**RECORDS FOR PROCESSING**
(* Let $X$ be an $n$-dimensional real normed space and let $Y \subseteq X$ be a $k$-dimensional subspace, where $1 \leq k \leq n-1$. Suppose that there exists a minimal Chalmers–Metcalf operator $T$ for $Y$ supported on $l$ pairs. Then $\dim \mathcal{P}_{\min}(X, Y) \leq k(n-k) - l + 1$.
   Context: A projection onto $Y$ is a linear $P:X\to Y$ with $P|_Y=\mathrm{id}_Y$; $\lambda(Y,X)$ is the infimum of the operator norms of projections and $\mathcal{P}_{\min}(X,Y)$ the set of projections of norm $\lambda(Y,X)$; $\dim\mathcal{P}_{\min}(X,Y)$ is the affine dimension of this convex subset of $\mathcal{L}(X,X)$. For $x\in X$, $f\in X^*$, $x\otimes f$ is the operator $z\mapsto f(z)x$. A Chalmers–Metcalf operator for $Y$ is an operator $T=\sum_{i=1}^{l}\alpha_i x_i\otimes f_i:X\to X$ with $(x_i,f_i)\in\mathrm{ext}\,B_X\times\mathrm{ext}\,B_{X^*}$ (extreme points of the unit balls of $X$ and $X^*$), $\alpha_i>0$, $\sum_i\alpha_i=1$, $T(Y)\subseteq Y$, and $f_i(P_0(x_i))=\|P_0\|=\lambda(Y,X)$ for all $i$ and some fixed minimal projection $P_0$; it is supported on the $l$ pairs $(x_i,f_i)$. It is minimal if no proper subset of the pairs $(x_i,f_i)$ yields a Chalmers–Metcalf operator for $Y$ with any choice of weights. *)

theory Defs
  imports "HOL-Analysis.Analysis"
begin

text \<open>In finite dimension every linear operator is bounded, so L(X,X) = 'a \<Rightarrow>L 'a,
  and the norm of the blinfun type is the operator norm.\<close>
definition projections :: "'a::real_normed_vector set \<Rightarrow> ('a \<Rightarrow>\<^sub>L 'a) set" where
  "projections Y = {P. (\<forall>x. blinfun_apply P x \<in> Y) \<and> (\<forall>y\<in>Y. blinfun_apply P y = y)}"

definition proj_const :: "'a::real_normed_vector set \<Rightarrow> real" where
  "proj_const Y = Inf (norm ` projections Y)"

definition min_projections :: "'a::real_normed_vector set \<Rightarrow> ('a \<Rightarrow>\<^sub>L 'a) set" where
  "min_projections Y = {P \<in> projections Y. norm P = proj_const Y}"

**YOUR ASSIGNMENT**
A single number is required: the count of lines in the listing that contain the string "where".

**COMPLETED TASK**
4